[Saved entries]
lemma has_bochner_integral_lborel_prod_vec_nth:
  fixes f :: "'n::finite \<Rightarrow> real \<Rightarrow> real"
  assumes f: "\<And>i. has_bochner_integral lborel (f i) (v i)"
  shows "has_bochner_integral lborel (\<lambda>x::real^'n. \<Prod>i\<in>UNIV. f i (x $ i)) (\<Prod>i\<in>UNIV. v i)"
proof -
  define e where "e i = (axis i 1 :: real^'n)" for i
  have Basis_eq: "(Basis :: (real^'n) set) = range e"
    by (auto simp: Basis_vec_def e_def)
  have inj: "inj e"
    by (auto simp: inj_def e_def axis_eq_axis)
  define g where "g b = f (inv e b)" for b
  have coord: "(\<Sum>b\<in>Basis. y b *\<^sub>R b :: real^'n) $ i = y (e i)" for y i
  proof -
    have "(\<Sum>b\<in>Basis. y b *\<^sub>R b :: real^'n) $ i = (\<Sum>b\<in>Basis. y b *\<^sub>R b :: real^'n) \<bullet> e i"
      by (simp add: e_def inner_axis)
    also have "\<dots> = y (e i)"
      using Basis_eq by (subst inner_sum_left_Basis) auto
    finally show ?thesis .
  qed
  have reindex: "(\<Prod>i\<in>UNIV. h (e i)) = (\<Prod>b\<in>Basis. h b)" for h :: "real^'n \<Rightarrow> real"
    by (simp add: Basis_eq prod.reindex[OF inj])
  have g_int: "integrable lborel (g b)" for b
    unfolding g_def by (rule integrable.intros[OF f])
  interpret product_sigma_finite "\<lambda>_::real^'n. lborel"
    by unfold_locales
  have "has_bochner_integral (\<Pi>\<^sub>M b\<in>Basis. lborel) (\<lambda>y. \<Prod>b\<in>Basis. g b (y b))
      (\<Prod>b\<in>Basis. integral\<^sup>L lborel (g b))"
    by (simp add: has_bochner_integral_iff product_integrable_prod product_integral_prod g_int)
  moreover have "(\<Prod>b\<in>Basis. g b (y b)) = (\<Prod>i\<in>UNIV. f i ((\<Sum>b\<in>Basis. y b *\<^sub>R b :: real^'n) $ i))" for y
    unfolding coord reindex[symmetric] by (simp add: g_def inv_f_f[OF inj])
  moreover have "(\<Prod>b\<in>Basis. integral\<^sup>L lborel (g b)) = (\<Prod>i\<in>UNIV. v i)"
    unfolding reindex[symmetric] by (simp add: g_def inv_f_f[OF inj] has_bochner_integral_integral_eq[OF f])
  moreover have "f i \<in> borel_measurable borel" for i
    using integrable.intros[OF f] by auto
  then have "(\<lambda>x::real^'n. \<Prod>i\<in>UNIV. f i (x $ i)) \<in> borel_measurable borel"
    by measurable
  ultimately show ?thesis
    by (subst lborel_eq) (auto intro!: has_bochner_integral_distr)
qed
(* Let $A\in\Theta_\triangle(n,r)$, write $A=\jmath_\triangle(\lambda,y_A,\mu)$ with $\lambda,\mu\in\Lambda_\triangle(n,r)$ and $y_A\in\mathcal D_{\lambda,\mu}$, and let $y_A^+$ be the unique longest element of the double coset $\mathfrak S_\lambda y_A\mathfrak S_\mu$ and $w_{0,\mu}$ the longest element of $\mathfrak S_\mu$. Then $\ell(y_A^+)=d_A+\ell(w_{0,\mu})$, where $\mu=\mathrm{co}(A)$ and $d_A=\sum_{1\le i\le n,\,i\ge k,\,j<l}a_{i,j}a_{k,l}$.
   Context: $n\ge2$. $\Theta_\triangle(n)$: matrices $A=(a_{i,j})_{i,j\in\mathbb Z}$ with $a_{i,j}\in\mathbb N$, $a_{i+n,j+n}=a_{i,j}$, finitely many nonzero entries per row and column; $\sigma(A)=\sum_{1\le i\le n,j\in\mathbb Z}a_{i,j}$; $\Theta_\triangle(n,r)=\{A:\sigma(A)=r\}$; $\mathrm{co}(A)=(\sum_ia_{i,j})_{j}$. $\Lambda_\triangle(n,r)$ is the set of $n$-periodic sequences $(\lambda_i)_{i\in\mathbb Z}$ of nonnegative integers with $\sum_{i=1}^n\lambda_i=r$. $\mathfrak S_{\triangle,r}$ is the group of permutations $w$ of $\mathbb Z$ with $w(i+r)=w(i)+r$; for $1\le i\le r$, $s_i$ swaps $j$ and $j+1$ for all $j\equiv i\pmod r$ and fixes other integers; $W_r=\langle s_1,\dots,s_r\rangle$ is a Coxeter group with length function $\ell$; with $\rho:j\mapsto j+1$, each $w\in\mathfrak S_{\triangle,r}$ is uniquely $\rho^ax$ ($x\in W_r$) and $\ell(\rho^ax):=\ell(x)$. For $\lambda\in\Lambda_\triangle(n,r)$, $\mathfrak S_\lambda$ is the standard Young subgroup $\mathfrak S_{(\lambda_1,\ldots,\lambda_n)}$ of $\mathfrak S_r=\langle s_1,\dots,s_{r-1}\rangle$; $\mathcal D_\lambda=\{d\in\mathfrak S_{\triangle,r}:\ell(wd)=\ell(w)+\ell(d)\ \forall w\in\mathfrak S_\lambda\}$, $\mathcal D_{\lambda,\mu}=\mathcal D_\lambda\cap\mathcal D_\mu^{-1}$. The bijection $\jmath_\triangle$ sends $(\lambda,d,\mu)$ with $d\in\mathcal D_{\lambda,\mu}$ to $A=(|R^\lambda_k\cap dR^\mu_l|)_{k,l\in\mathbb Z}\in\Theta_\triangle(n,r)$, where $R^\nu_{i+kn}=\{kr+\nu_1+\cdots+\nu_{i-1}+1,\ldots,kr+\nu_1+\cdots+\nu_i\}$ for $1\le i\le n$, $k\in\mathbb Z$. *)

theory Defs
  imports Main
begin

**Try it**
Each entry above is to be transcribed word for word.

**Answer to this exercise**
lemma has_bochner_integral_lborel_prod_vec_nth:
  fixes f :: "'n::finite \<Rightarrow> real \<Rightarrow> real"
  assumes f: "\<And>i. has_bochner_integral lborel (f i) (v i)"
  shows "has_bochner_integral lborel (\<lambda>x::real^'n. \<Prod>i\<in>UNIV. f i (x $ i)) (\<Prod>i\<in>UNIV. v i)"
proof -
  define e where "e i = (axis i 1 :: real^'n)" for i
  have Basis_eq: "(Basis :: (real^'n) set) = range e"
    by (auto simp: Basis_vec_def e_def)
  have inj: "inj e"
    by (auto simp: inj_def e_def axis_eq_axis)
  define g where "g b = f (inv e b)" for b
  have coord: "(\<Sum>b\<in>Basis. y b *\<^sub>R b :: real^'n) $ i = y (e i)" for y i
  proof -
    have "(\<Sum>b\<in>Basis. y b *\<^sub>R b :: real^'n) $ i = (\<Sum>b\<in>Basis. y b *\<^sub>R b :: real^'n) \<bullet> e i"
      by (simp add: e_def inner_axis)
    also have "\<dots> = y (e i)"
      using Basis_eq by (subst inner_sum_left_Basis) auto
    finally show ?thesis .
  qed
  have reindex: "(\<Prod>i\<in>UNIV. h (e i)) = (\<Prod>b\<in>Basis. h b)" for h :: "real^'n \<Rightarrow> real"
    by (simp add: Basis_eq prod.reindex[OF inj])
  have g_int: "integrable lborel (g b)" for b
    unfolding g_def by (rule integrable.intros[OF f])
  interpret product_sigma_finite "\<lambda>_::real^'n. lborel"
    by unfold_locales
  have "has_bochner_integral (\<Pi>\<^sub>M b\<in>Basis. lborel) (\<lambda>y. \<Prod>b\<in>Basis. g b (y b))
      (\<Prod>b\<in>Basis. integral\<^sup>L lborel (g b))"
    by (simp add: has_bochner_integral_iff product_integrable_prod product_integral_prod g_int)
  moreover have "(\<Prod>b\<in>Basis. g b (y b)) = (\<Prod>i\<in>UNIV. f i ((\<Sum>b\<in>Basis. y b *\<^sub>R b :: real^'n) $ i))" for y
    unfolding coord reindex[symmetric] by (simp add: g_def inv_f_f[OF inj])
  moreover have "(\<Prod>b\<in>Basis. integral\<^sup>L lborel (g b)) = (\<Prod>i\<in>UNIV. v i)"
    unfolding reindex[symmetric] by (simp add: g_def inv_f_f[OF inj] has_bochner_integral_integral_eq[OF f])
  moreover have "f i \<in> borel_measurable borel" for i
    using integrable.intros[OF f] by auto
  then have "(\<lambda>x::real^'n. \<Prod>i\<in>UNIV. f i (x $ i)) \<in> borel_measurable borel"
    by measurable
  ultimately show ?thesis
    by (subst lborel_eq) (auto intro!: has_bochner_integral_distr)
qed
(* Let $A\in\Theta_\triangle(n,r)$, write $A=\jmath_\triangle(\lambda,y_A,\mu)$ with $\lambda,\mu\in\Lambda_\triangle(n,r)$ and $y_A\in\mathcal D_{\lambda,\mu}$, and let $y_A^+$ be the unique longest element of the double coset $\mathfrak S_\lambda y_A\mathfrak S_\mu$ and $w_{0,\mu}$ the longest element of $\mathfrak S_\mu$. Then $\ell(y_A^+)=d_A+\ell(w_{0,\mu})$, where $\mu=\mathrm{co}(A)$ and $d_A=\sum_{1\le i\le n,\,i\ge k,\,j<l}a_{i,j}a_{k,l}$.
   Context: $n\ge2$. $\Theta_\triangle(n)$: matrices $A=(a_{i,j})_{i,j\in\mathbb Z}$ with $a_{i,j}\in\mathbb N$, $a_{i+n,j+n}=a_{i,j}$, finitely many nonzero entries per row and column; $\sigma(A)=\sum_{1\le i\le n,j\in\mathbb Z}a_{i,j}$; $\Theta_\triangle(n,r)=\{A:\sigma(A)=r\}$; $\mathrm{co}(A)=(\sum_ia_{i,j})_{j}$. $\Lambda_\triangle(n,r)$ is the set of $n$-periodic sequences $(\lambda_i)_{i\in\mathbb Z}$ of nonnegative integers with $\sum_{i=1}^n\lambda_i=r$. $\mathfrak S_{\triangle,r}$ is the group of permutations $w$ of $\mathbb Z$ with $w(i+r)=w(i)+r$; for $1\le i\le r$, $s_i$ swaps $j$ and $j+1$ for all $j\equiv i\pmod r$ and fixes other integers; $W_r=\langle s_1,\dots,s_r\rangle$ is a Coxeter group with length function $\ell$; with $\rho:j\mapsto j+1$, each $w\in\mathfrak S_{\triangle,r}$ is uniquely $\rho^ax$ ($x\in W_r$) and $\ell(\rho^ax):=\ell(x)$. For $\lambda\in\Lambda_\triangle(n,r)$, $\mathfrak S_\lambda$ is the standard Young subgroup $\mathfrak S_{(\lambda_1,\ldots,\lambda_n)}$ of $\mathfrak S_r=\langle s_1,\dots,s_{r-1}\rangle$; $\mathcal D_\lambda=\{d\in\mathfrak S_{\triangle,r}:\ell(wd)=\ell(w)+\ell(d)\ \forall w\in\mathfrak S_\lambda\}$, $\mathcal D_{\lambda,\mu}=\mathcal D_\lambda\cap\mathcal D_\mu^{-1}$. The bijection $\jmath_\triangle$ sends $(\lambda,d,\mu)$ with $d\in\mathcal D_{\lambda,\mu}$ to $A=(|R^\lambda_k\cap dR^\mu_l|)_{k,l\in\mathbb Z}\in\Theta_\triangle(n,r)$, where $R^\nu_{i+kn}=\{kr+\nu_1+\cdots+\nu_{i-1}+1,\ldots,kr+\nu_1+\cdots+\nu_i\}$ for $1\le i\le n$, $k\in\mathbb Z$. *)

theory Defs
  imports Main
begin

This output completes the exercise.